O PT fica em quarto lugar em seis diferentes cenários apresentados pelo
instituto.
O Datafolha ouviu 4.044 pessoas de 25 a 27 de março.
Segundo a pesquisa, Ciro é hoje o mais competitivo da base do presidente
Luiz Inácio Lula da Silva. Contra Serra, tem 20% e 21% da preferência,
variando conforme o cenário.
Ciro, porém, assume a liderança, com taxas que vão de
28% a 32%, nas três vezes em que Serra é substituído pelo
governador de Minas, Aécio Neves. Em dois desses cenários, Aécio
fica em terceiro lugar, atrás da ex-senadora Heloísa Helena (PSOL).
Em outro, está tecnicamente empatado com ela. A margem de erro é de
dois pontos percentuais, para mais ou para menos.
Sem chance
A pesquisa mostra ainda que o PT não teria chance de permanecer na Presidência
se as eleições fossem hoje. No partido, a ministra do Turismo,
Marta Suplicy, é quem aparece como mais forte. Ainda assim, fica em
quarto lugar, com 8%, quando Serra está no páreo. Nesse cenário,
Serra tem 36%, Ciro, 20%, e Heloísa, 12%.

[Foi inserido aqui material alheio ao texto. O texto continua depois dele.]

theorem reduced_sum_dissection:
  assumes q: "0 < norm q" "norm q < 1"
  shows "((\<lambda>(i, j). reduced_term q i j) has_sum
      qpoch_inf (q^4) (q^4) * qtheta (- (q^2)) (q^4) * (qpoch_inf (q^20) (q^20) * qtheta (q^4) (q^20) * qtheta (q^12) (q^40))
      + - q * (qpoch_inf (q^4) (q^4) * qtheta (- 1) (q^4) * (qpoch_inf (q^20) (q^20) * qtheta (q^6) (q^20) * qtheta (q^8) (q^40))))
      UNIV"
proof -
  have "q \<noteq> 0" using q by auto
  have p4: "norm (q^4) < 1" "q^4 \<noteq> 0" using q by (simp_all add: norm_power power_less_one_iff)
  define W0 where "W0 = qpoch_inf (q^4) (q^4) * qtheta (- (q^2)) (q^4)"
  define W1 where "W1 = qpoch_inf (q^4) (q^4) * qtheta (- 1) (q^4)"
  define Y0 where "Y0 = qpoch_inf (q^20) (q^20) * qtheta (q^4) (q^20) * qtheta (q^12) (q^40)"
  define Y1 where "Y1 = qpoch_inf (q^20) (q^20) * qtheta (q^6) (q^20) * qtheta (q^8) (q^40)"
  have theta0: "(theta_term (q^2) (q^4) has_sum W0) UNIV"
    using jacobi_triple_product[OF p4, of "- (q^2)"] \<open>q \<noteq> 0\<close> unfolding W0_def by simp
  have theta1: "(theta_term 1 (q^4) has_sum W1) UNIV"
    using jacobi_triple_product[OF p4, of "- 1"] unfolding W1_def by simp
  have coeff0: "(theta_coeff q 4 has_sum Y0) UNIV" "(\<lambda>N. norm (theta_coeff q 4 N)) summable_on UNIV"
    using theta_coeff_has_sum[OF \<open>q \<noteq> 0\<close> q(2), of 4] unfolding Y0_def by simp_all
  have coeff1: "(theta_coeff q 6 has_sum Y1) UNIV" "(\<lambda>N. norm (theta_coeff q 6 N)) summable_on UNIV"
    using theta_coeff_has_sum[OF \<open>q \<noteq> 0\<close> q(2), of 6] unfolding Y1_def by simp_all
  have prod0: "((\<lambda>(m, N). theta_term (q^2) (q^4) m * theta_coeff q 4 N) has_sum W0 * Y0) (UNIV \<times> UNIV)"
    by (rule has_sum_product[OF theta0 _ coeff0]) (use p4 \<open>q \<noteq> 0\<close> in \<open>simp add: theta_term_abs_summable\<close>)
  have prod1: "((\<lambda>x. - q * (\<lambda>(m, N). theta_term 1 (q^4) m * theta_coeff q 6 N) x) has_sum - q * (W1 * Y1))
      (UNIV \<times> UNIV)"
    by (rule has_sum_cmult_right[OF has_sum_product[OF theta1 _ coeff1]])
       (use p4 in \<open>simp add: theta_term_abs_summable\<close>)
  define D0 where "D0 = {x :: int \<times> int. even (fst x + snd x)}"
  define D1 where "D1 = {x :: int \<times> int. odd (fst x + snd x)}"
  have "((\<lambda>(m, N). theta_term (q^2) (q^4) m * theta_coeff q 4 N) has_sum W0 * Y0) (UNIV \<times> UNIV)
      \<longleftrightarrow> ((\<lambda>(i, j). reduced_term q i j) has_sum W0 * Y0) D0"
    by (rule has_sum_reindex_bij_witness[where j="\<lambda>(m, N). (- N - m, m - N)"
          and i="\<lambda>(i, j). ((j - i) div 2, - (i + j) div 2)"])
       (auto simp: D0_def reduced_term_even_class[OF \<open>q \<noteq> 0\<close>], presburger+)
  hence even: "((\<lambda>(i, j). reduced_term q i j) has_sum W0 * Y0) D0" using prod0 by simp
  have "((\<lambda>x. - q * (\<lambda>(m, N). theta_term 1 (q^4) m * theta_coeff q 6 N) x) has_sum - q * (W1 * Y1)) (UNIV \<times> UNIV)
      \<longleftrightarrow> ((\<lambda>(i, j). reduced_term q i j) has_sum - q * (W1 * Y1)) D1"
    by (rule has_sum_reindex_bij_witness[where j="\<lambda>(m, N). (N + 1 - m, N + m)"
          and i="\<lambda>(i, j). ((j - i + 1) div 2, (i + j - 1) div 2)"])
       (auto simp: D1_def reduced_term_odd_class[OF \<open>q \<noteq> 0\<close>], presburger+)
  hence odd: "((\<lambda>(i, j). reduced_term q i j) has_sum - q * (W1 * Y1)) D1" using prod1 by simp
  have "D0 \<inter> D1 = {}" and union: "D0 \<union> D1 = UNIV" unfolding D0_def D1_def by auto
  hence "((\<lambda>(i, j). reduced_term q i j) has_sum W0 * Y0 + - q * (W1 * Y1)) (D0 \<union> D1)"
    by (intro has_sum_Un_disjoint[OF even odd])
  thus ?thesis unfolding union W0_def W1_def Y0_def Y1_def .
qed

theorem mainTheorem17:
  fixes q :: complex
  assumes "0 < norm q" and "norm q < 1"
  shows "(1 / qpoch q ^ 3) *
      (\<Sum>\<^sub>\<infinity>(i, j, k) \<in> (UNIV :: (int \<times> int \<times> int) set).
         (-1) powi (i + j + k) * q powi (binom2 (i + j + k) + i^2 + j^2 + k^2))
    = qpoch_inf (q^4) (q^4) * qpoch_inf (q^20) (q^20) / qpoch q ^ 2 *
      (\<Sum>a\<in>{0..(1::nat)}. (-q) ^ a * qtheta (- (q ^ (2 - 2*a))) (q^4)
          * qtheta (q ^ (4 + 2*a)) (q^20) * qtheta (q ^ (12 - 4*a)) (q^40))"
proof -
  define P where "P = qpoch q"
  have "P \<noteq> 0" unfolding P_def by (rule qpoch_nonzero[OF assms(2)])
  have "infsum (lhs_term q) UNIV / P
      = qpoch_inf (q^4) (q^4) * qtheta (- (q^2)) (q^4) * (qpoch_inf (q^20) (q^20) * qtheta (q^4) (q^20) * qtheta (q^12) (q^40))
      + - q * (qpoch_inf (q^4) (q^4) * qtheta (- 1) (q^4) * (qpoch_inf (q^20) (q^20) * qtheta (q^6) (q^20) * qtheta (q^8) (q^40)))"
    unfolding P_def using reduced_term_has_sum[OF assms] reduced_sum_dissection[OF assms] by (rule has_sum_unique)
  hence lhs: "infsum (lhs_term q) UNIV = P * qpoch_inf (q^4) (q^4) * qpoch_inf (q^20) (q^20) *
      (qtheta (- (q^2)) (q^4) * qtheta (q^4) (q^20) * qtheta (q^12) (q^40)
       + - q * qtheta (- 1) (q^4) * qtheta (q^6) (q^20) * qtheta (q^8) (q^40))"
    using \<open>P \<noteq> 0\<close> by (simp add: field_simps)
  have rhs: "(\<Sum>a\<in>{0..(1::nat)}. (-q) ^ a * qtheta (- (q ^ (2 - 2*a))) (q^4)
          * qtheta (q ^ (4 + 2*a)) (q^20) * qtheta (q ^ (12 - 4*a)) (q^40))
      = qtheta (- (q^2)) (q^4) * qtheta (q^4) (q^20) * qtheta (q^12) (q^40)
        + - q * qtheta (- 1) (q^4) * qtheta (q^6) (q^20) * qtheta (q^8) (q^40)"
    by (simp add: atLeast0_atMost_Suc)
  show ?thesis
    unfolding lhs_term_def[symmetric] lhs rhs P_def[symmetric] using \<open>P \<noteq> 0\<close>
    by (simp add: field_simps power3_eq_cube power2_eq_square)
qed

Mas, lembrando a popularidade de Lula, o diretor-presidente do Datafolha, Mauro
Paulino, aposta numa mudança com sua entrada em campo. "O ator
principal, que é o Lula, ainda não entrou no jogo. A partir do
momento em que ele defender um nome do PT, esse tabuleiro tende a mudar."
Para a pesquisa, o Datafolha apresentou sete diferentes simulações.

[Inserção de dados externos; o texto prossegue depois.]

lemma normal_pointwise_fixer:
  assumes "S \<subseteq> {x. inV E x}" "\<And>g. g \<in> carrier G \<Longrightarrow> hs_act (\<phi> g) ` S \<subseteq> S"
  shows "{g \<in> carrier G. \<forall>x\<in>S. hs_act (\<phi> g) x = x} \<lhd> G"
proof -
  interpret S: group_action G S "\<lambda>g. restrict (hs_act (\<phi> g)) S"
    using assms by (rule group_action_hs_act)
  have "kernel G (BijGroup S) (\<lambda>g. restrict (hs_act (\<phi> g)) S) =
      {g \<in> carrier G. \<forall>x\<in>S. hs_act (\<phi> g) x = x}"
    by (auto simp: kernel_def BijGroup_def fun_eq_iff restrict_def)
  then show ?thesis
    using group_hom.normal_kernel[OF S.group_hom] by simp
qed

end

lemma well_order_automorphism_id:
  assumes wo: "well_order_on S r" and bij: "bij_betw \<sigma> S S"
    and mono: "\<And>x y. (x, y) \<in> r \<Longrightarrow> (\<sigma> x, \<sigma> y) \<in> r"
    and "x \<in> S"
  shows "\<sigma> x = x"
proof (rule ccontr)
  assume "\<sigma> x \<noteq> x"
  then have ne: "{x\<in>S. \<sigma> x \<noteq> x} \<noteq> {}" using \<open>x \<in> S\<close> by blast
  have wf: "wf (r - Id)" and tot: "total_on S r" and anti: "antisym r"
    using wo by (auto simp: well_order_on_def linear_order_on_def partial_order_on_def)
  obtain m where m: "m \<in> S" "\<sigma> m \<noteq> m"
    and min: "\<And>y. (y, m) \<in> r - Id \<Longrightarrow> y \<notin> {x\<in>S. \<sigma> x \<noteq> x}"
    using wfE_min[OF wf, of _ "{x\<in>S. \<sigma> x \<noteq> x}"] ne by blast
  have img: "\<sigma> ` S = S" and inj: "inj_on \<sigma> S" using bij by (auto simp: bij_betw_def)
  have "\<sigma> m \<in> S" using img m(1) by blast
  then consider "(\<sigma> m, m) \<in> r" | "(m, \<sigma> m) \<in> r"
    using tot m by (auto simp: total_on_def)
  then show False
  proof cases
    case 1
    then have "\<sigma> (\<sigma> m) = \<sigma> m" using min[of "\<sigma> m"] m \<open>\<sigma> m \<in> S\<close> by auto
    then show False using inj m \<open>\<sigma> m \<in> S\<close> by (meson inj_on_eq_iff)
  next
    case 2
    obtain y where y: "y \<in> S" "\<sigma> y = m" using img m(1) by (metis imageE)
    then have "y \<noteq> m" using m(2) by auto
    then consider "(y, m) \<in> r" | "(m, y) \<in> r" using tot y(1) m(1) by (auto simp: total_on_def)
    then show False
    proof cases
      case 1
      then show False using min[of y] y \<open>y \<noteq> m\<close> by auto
    next
      case 2
      then have "(\<sigma> m, m) \<in> r" using mono y(2) by metis
      then show False using anti \<open>(m, \<sigma> m) \<in> r\<close> m(2) by (metis antisymD)
    qed
  qed
qed

definition supports ::
  "('g, 'b) monoid_scheme \<Rightarrow> ('g \<Rightarrow> 'a \<Rightarrow> 'a) \<Rightarrow> 'a set \<Rightarrow> ('a, 'k) hs \<Rightarrow> bool" where
  "supports G \<phi> a Z \<longleftrightarrow> pstab G \<phi> a \<subseteq> stab G \<phi> Z"

lemma supports_iff: "supports G \<phi> a Z \<longleftrightarrow> (\<forall>g\<in>pstab G \<phi> a. hs_act (\<phi> g) Z = Z)"
  unfolding supports_def pstab_def stab_def by blast

lemma supports_mono: "a \<subseteq> b \<Longrightarrow> supports G \<phi> a Z \<Longrightarrow> supports G \<phi> b Z"
  unfolding supports_def pstab_def by blast

lemma symmetric_iff_supports: "symmetric G \<phi> I Z \<longleftrightarrow> (\<exists>a\<in>I. supports G \<phi> a Z)"
  by (simp add: symmetric_def supports_def)

lemma ex_common_support:
  assumes "\<forall>a\<in>I. \<forall>b\<in>I. a \<union> b \<in> I" "symmetric G \<phi> I Y" "symmetric G \<phi> I Z"
  obtains a where "a \<in> I" "supports G \<phi> a Y" "supports G \<phi> a Z"
proof -
  obtain b c where "b \<in> I" "supports G \<phi> b Y" "c \<in> I" "supports G \<phi> c Z"
    using assms(2,3) unfolding symmetric_iff_supports by blast
  then show ?thesis
    using that[of "b \<union> c"] assms(1) supports_mono[of b "b \<union> c"] supports_mono[of c "b \<union> c"] by blast
qed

Em três delas, Serra é o nome do PSDB. Em outras três, é substituído
por Aécio.
Pelo PT, são alternados os nomes de três ministros: Marta, Dilma
Rousseff (Casa Civil) e Patrus Ananias (Desenvolvimento Social). Ciro e Heloísa
estão em todos os cenários.
Com Dilma, Serra chega a 38% contra 20% de Ciro e 14% de Heloísa. A
ministra da Casa Civil fica com 3%. Contra Patrus (1%), Serra mantém-se
com 38%, e Ciro atinge 21%.
Marta chega a 11% no cenário em que Aécio substitui Serra. Nele,
Ciro tem 28%, seguido de Heloísa (17%) e Aécio (14%).
Como os adversários são os mesmos, é possível comparar
o desempenho de Serra ao de Aécio. Serra atinge até 23 pontos
a mais que Aécio.
O Datafolha também elaborou um cenário em que os dois concorrem.

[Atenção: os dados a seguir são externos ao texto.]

(* Let $\zeta_5=e^{2\pi i/5}$ and write $c_k=\theta[\tfrac15;\tfrac k5]$, $d_k=\theta[\tfrac35;\tfrac k5]$ for $k\in\{1,3,5,7,9\}$ (theta constants, functions of $\tau$). For every $\tau\in\mathbb{H}^2$, $$\theta[1;\tfrac15]=\zeta_5\,\frac{\zeta_5c_9^3d_5+c_3^3d_1}{d_3^3},\qquad \theta[1;\tfrac35]=\frac{-d_7^3c_5+d_9^3c_7}{c_1^3}.$$
   Context: Let $\mathbb{H}^2=\{\tau\in\mathbb{C}:\Im\tau>0\}$. For $(\epsilon,\epsilon')\in\mathbb{R}^2$, $$\theta[\epsilon;\epsilon'](\zeta,\tau)=\sum_{n\in\mathbb{Z}}\exp\Big(2\pi i\Big[\tfrac12\big(n+\tfrac{\epsilon}{2}\big)^2\tau+\big(n+\tfrac{\epsilon}{2}\big)\big(\zeta+\tfrac{\epsilon'}{2}\big)\Big]\Big),$$ and $\theta[\epsilon;\epsilon']=\theta[\epsilon;\epsilon'](0,\tau)$ denotes the theta constant. *)

theory Defs
  imports "HOL-Analysis.Analysis"
begin

definition theta_char :: "real \<Rightarrow> real \<Rightarrow> complex \<Rightarrow> complex \<Rightarrow> complex" where
  "theta_char e e' z tau =
     (\<Sum>\<^sub>\<infinity> n::int. exp (2 * pi * \<i> *
        ((1/2) * (of_int n + of_real (e/2))^2 * tau
         + (of_int n + of_real (e/2)) * (z + of_real (e'/2)))))"

definition theta_const :: "real \<Rightarrow> real \<Rightarrow> complex \<Rightarrow> complex" where
  "theta_const e e' tau = theta_char e e' 0 tau"

end

theory Submission
  imports Defs
begin

text \<open>
  A product of four theta constants is then a sum over
  \<open>m \<in> \<int>\<^sup>4\<close> whose terms depend only on \<open>|m + a|\<^sup>2\<close> and, modulo integers, on \<open>(m + a)\<cdot>b\<close>. Splitting \<open>\<int>\<^sup>4\<close> into the even sublattice \<open>\<Sigma> m\<^sub>i \<equiv> 0 (mod 2)\<close> and its
  coset, and using that half the \<open>4\<times>4\<close> Hadamard matrix is an orthogonal involution of the
  even sublattice, each product \<open>\<theta>[\<alpha>] \<theta>[\<beta>]\<^sup>3\<close> becomes a sum of two even-lattice sums. Sign
  changes and integral shifts of the characteristics identify these sums up to roots of unity,
  so three such products satisfy a linear relation; the reflection formulas for theta constants
  turn the two relations obtained this way into the stated identities. Dividing by \<open>d\<^sub>3\<^sup>3\<close> and
  \<open>c\<^sub>1\<^sup>3\<close> is justified by the Jacobi triple product, which shows that \<open>\<theta>[\<epsilon>;\<epsilon>'] \<noteq> 0\<close> for
  \<open>0 < \<epsilon> < 1\<close>; it is derived from Cauchy's \<open>q\<close>-binomial theorem by Tannery's theorem.
\<close>

section \<open>Theta series\<close>

lemma int_UNIV_split: "(UNIV::int set) = range int \<union> range (\<lambda>n. - int n - 1)"
proof -
  have "x \<in> range int \<union> range (\<lambda>n. - int n - 1)" for x :: int
  proof (cases "x \<ge> 0")
    case True thus ?thesis by (metis UnI1 nonneg_int_cases rangeI)
  next
    case False thus ?thesis by (auto intro!: UnI2 image_eqI[where x="nat (-x-1)"])
  qed
  thus ?thesis by auto
qed

lemma has_sum_int_split:
  fixes f :: "int \<Rightarrow> 'a::banach"
  assumes "summable (\<lambda>n. norm (f (int n)))" "summable (\<lambda>n. norm (f (- int n - 1)))"
  shows "(f has_sum ((\<Sum>n. f (int n)) + (\<Sum>n. f (- int n - 1)))) UNIV"
proof -
  have "((\<lambda>n. f (int n)) has_sum (\<Sum>n. f (int n))) UNIV"
    by (rule norm_summable_imp_has_sum[OF assms(1) summable_sums[OF summable_norm_cancel[OF assms(1)]]])
  then have nonneg: "(f has_sum (\<Sum>n. f (int n))) (range int)"
    using has_sum_reindex[of int UNIV f] by (simp add: o_def inj_on_def)
  have "((\<lambda>n. f (- int n - 1)) has_sum (\<Sum>n. f (- int n - 1))) UNIV"
    by (rule norm_summable_imp_has_sum[OF assms(2) summable_sums[OF summable_norm_cancel[OF assms(2)]]])
  then have neg: "(f has_sum (\<Sum>n. f (- int n - 1))) (range (\<lambda>n. - int n - 1))"
    using has_sum_reindex[of "\<lambda>n. - int n - 1" UNIV f] by (simp add: o_def inj_on_def)
  have "range int \<inter> range (\<lambda>n. - int n - 1) = {}"
    by auto
  from has_sum_Un_disjoint[OF nonneg neg this] show ?thesis
    by (simp flip: int_UNIV_split)
qed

Nessa hipótese -em que um deles teria deixado o PSDB- não há nome
do PT. Com 34%, Serra tem larga vantagem sobre Aécio (11%).
Mesmo com diferença na composição dos cenários, é possível
concluir que não houve variação significativa de Serra
e Aécio desde a última pesquisa (novembro). Ambos se mantêm
no mesmo patamar.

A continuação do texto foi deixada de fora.